Besides addressing the problem of findability, we also developed formulas for the asymptotic index of dispersion R for general events. In the case of the serine landscape we have been discussing, for the molecular clock (V(i, j) = P(i, j) for i ≠ j and 0 otherwise) we have R = 2.42. What accounts for this overdispersion? To better understand the sources of overdispersion in this fitness landscape, it is helpful to re-write Z in terms of the lk and rk

$$Z = \mathop {\sum}\limits_{k \ge 2} \tau _k\,r_k\,l_k^{{\mathrm{T}}}.$$
(14)

Using this decomposition, we can see that each deviation from equilibrium makes an independent contribution to the index of dispersion:

$$c^{{\mathrm{T}}}Zg = \mathop {\sum}\limits_{k \ge 2} c^{\mathrm{T}}\left( {\tau _kr_kl_k^{\mathrm{T}}} \right)g.$$
(15)

Thus, to the extent that we can identify particular axes in the visualizations with particular qualitative features of the fitness landscape, we can quantify the manner in which these features affect the asymptotic index of dispersion.

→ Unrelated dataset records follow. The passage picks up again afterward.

lemma calibrated_nn_integral_indicator:
  fixes Y f :: "'x \<Rightarrow> real"
  assumes "finite_measure M" and cal: "calibrated M Y f"
    and f[measurable]: "f \<in> borel_measurable M"
    and Y: "integrable M Y" and "integrable M f"
    and nonneg: "\<And>\<omega>. 0 \<le> Y \<omega>" "\<And>\<omega>. 0 \<le> f \<omega>"
    and B[measurable]: "B \<in> sets borel"
  shows "(\<integral>\<^sup>+\<omega>. ennreal (indicator B (f \<omega>) * Y \<omega>) \<partial>M)
       = (\<integral>\<^sup>+\<omega>. ennreal (indicator B (f \<omega>) * f \<omega>) \<partial>M)"
proof -
  define F where "F = vimage_algebra (space M) f borel"
  have subalg: "subalgebra M F"
    unfolding subalgebra_def F_def
    using measurable_sets[OF f] by (auto simp: sets_vimage_algebra2)
  interpret finite_measure_subalgebra M F
    using assms(1) subalg
    by (intro finite_measure_subalgebra.intro finite_measure_subalgebra_axioms.intro)
  define A where "A = f -` B \<inter> space M"
  have AF: "A \<in> sets F" unfolding A_def F_def by (rule in_vimage_algebra) (rule B)
  have [measurable]: "A \<in> sets M" unfolding A_def using measurable_sets[OF f B] .
  have [measurable]: "real_cond_exp M F Y \<in> borel_measurable M"
    using borel_measurable_cond_exp measurable_from_subalg[OF subalg] by blast
  have "(\<integral>\<omega>. indicator A \<omega> * Y \<omega> \<partial>M) = (\<integral>\<omega>. indicator A \<omega> * real_cond_exp M F Y \<omega> \<partial>M)"
    using real_cond_exp_intA[OF Y AF] unfolding set_lebesgue_integral_def by simp
  also have "\<dots> = (\<integral>\<omega>. indicator A \<omega> * f \<omega> \<partial>M)"
    using cal unfolding calibrated_def F_def[symmetric]
    by (intro integral_cong_AE) (auto elim: AE_mp)
  finally have "(\<integral>\<omega>. indicator A \<omega> * Y \<omega> \<partial>M) = (\<integral>\<omega>. indicator A \<omega> * f \<omega> \<partial>M)" .
  moreover have "(\<integral>\<^sup>+\<omega>. ennreal (indicator A \<omega> * h \<omega>) \<partial>M) = ennreal (\<integral>\<omega>. indicator A \<omega> * h \<omega> \<partial>M)"
    if "integrable M h" "\<And>\<omega>. 0 \<le> h \<omega>" for h
    using integrable_mult_indicator[of A M h] that by (intro nn_integral_eq_integral) auto
  moreover have "indicator A \<omega> = indicator B (f \<omega>)" if "\<omega> \<in> space M" for \<omega>
    using that by (simp add: A_def indicator_def)
  ultimately show ?thesis
    using Y assms(5) nonneg
    by (metis (no_types, lifting) nn_integral_cong)
qed

lemma borel_measurable_env_measure_pair:
  fixes h :: "real \<Rightarrow> (real^'a) \<times> (real^'b) \<Rightarrow> 'c::topological_space"
  assumes "\<And>y. h y \<in> borel_measurable borel"
  shows "(\<lambda>\<omega>. h (fst \<omega>) (snd \<omega>)) \<in> borel_measurable (count_space {-1, 1} \<Otimes>\<^sub>M (lborel \<Otimes>\<^sub>M lborel))"
    and "(\<lambda>\<omega>. h (fst \<omega>) (snd \<omega>)) \<in> borel_measurable (env_measure eta mns Sns msp Ssp)"
proof -
  show *: "(\<lambda>\<omega>. h (fst \<omega>) (snd \<omega>)) \<in> borel_measurable (count_space {-1, 1} \<Otimes>\<^sub>M (lborel \<Otimes>\<^sub>M lborel))"
    unfolding lborel_prod by (rule measurable_count_space_pair) (auto simp: assms)
  then show "(\<lambda>\<omega>. h (fst \<omega>) (snd \<omega>)) \<in> borel_measurable (env_measure eta mns Sns msp Ssp)"
    unfolding measurable_cong_sets[OF sets_env_measure refl] .
qed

For the case at hand, the contributions to cTZg are shown in Fig. 5. We notice immediately that a single deviation from equilibrium, l3, makes the dominant contribution to the overdispersion (cT(τ3r3l3T)g/(cTZg) = 0.49). Looking back at Fig. 2, we see that the corresponding axis of the visualization, u3, separates the two clusters of serine codons from a large neutral plateau consisting of codons that code for other amino acids. Thus, the elevated index of dispersion largely reflects the fact that the substitution rate is low when the population is fixed at one of the two serine peaks, but experiences a higher substitution rate during the epochs that it wanders the neutral plane below. To put this another way, given that a substitution has just occurred, the population is more likely to be on the neutral plateau than on one of the peaks, and hence is likely to experience further substitutions in the short term.

Fig. 5
figure 5

The contribution to the clumpiness of the molecular clock corresponding to the deviation from equilibrium given by lk, cT(τkrklkT)g, is shown for k ≥ 2 for the one-codon fitness landscape with selection for serine and against stop codons. The sum of these contributions is cTZg. Notice the very large contribution from l3

Although cTZg is indeed nonnegative when we consider all substitutions together, we have emphasized that cTZg need not be positive for certain exceptional classes of events. To give an example where cTZg is negative involving more than a single substitution, consider the occurrence of substitutions from codons that code for threonine to the TCN cluster of serines. Because the codons that code for threonine are of the form ACN, each of these codons is mutationally adjacent to a serine of the form TCN (the corresponding substitutions are shown in Fig. 6). For this class of substitutions, we have R = 0.95, so that they occur in an underdispersed manner. In this case it turns out that by far the dominant contribution is from cT(τ2r2l2T)g, corresponding to the axis between the two serine clusters in the visualization. This makes perfect sense, since after an ACN to TCN substitution, the population is at the TCN fitness peak, and thus has an extremely negative value for cTr2. But, in order to have another ACN to TCN substitution, the population must first return to a codon that codes for threonine. This takes a very long time, (time-scale τ2) because it requires a deleterious fixation for the population to leave the fitness peak and because the threonine codons are in a sense closer to the AGY serines, as shown by their positive values along the r2-axis (positive coordinates along u2) and the dynamical neighborhood structure of the landscape (e.g., none of the threonines are in the dynamical neighborhood of TCA, while three out of four of the threonines are in the dynamical neighborhood of AGT, see Fig. 3). Thus, the fact that a substitution from ACN to TCN corresponds to a shift from the “basin of attraction” of one fitness peak to another explains why having had such a substitution decreases the expected number of these substitutions that will occur in the future.

Fig. 6
figure 6

A visualization of the one-codon fitness landscape with selection for serine and against stop codons. Substitutions from ACN threonines to TCN serines are shown with black arrows

Finally, it is interesting to consider the relationship between mutational robustness and the waiting time for an event to occur. For instance, the codons that code for serine come in two clusters, TCN and AGY, and thus exhibit substantial mutational robustness in that 26% of mutations from a serine codon lead to another serine codon. How much easier would serine be to evolve if it were coded for by six random codons, and how much harder would it be to evolve if it exhibited the even more robust arrangement of codons shown by arginine or leucine?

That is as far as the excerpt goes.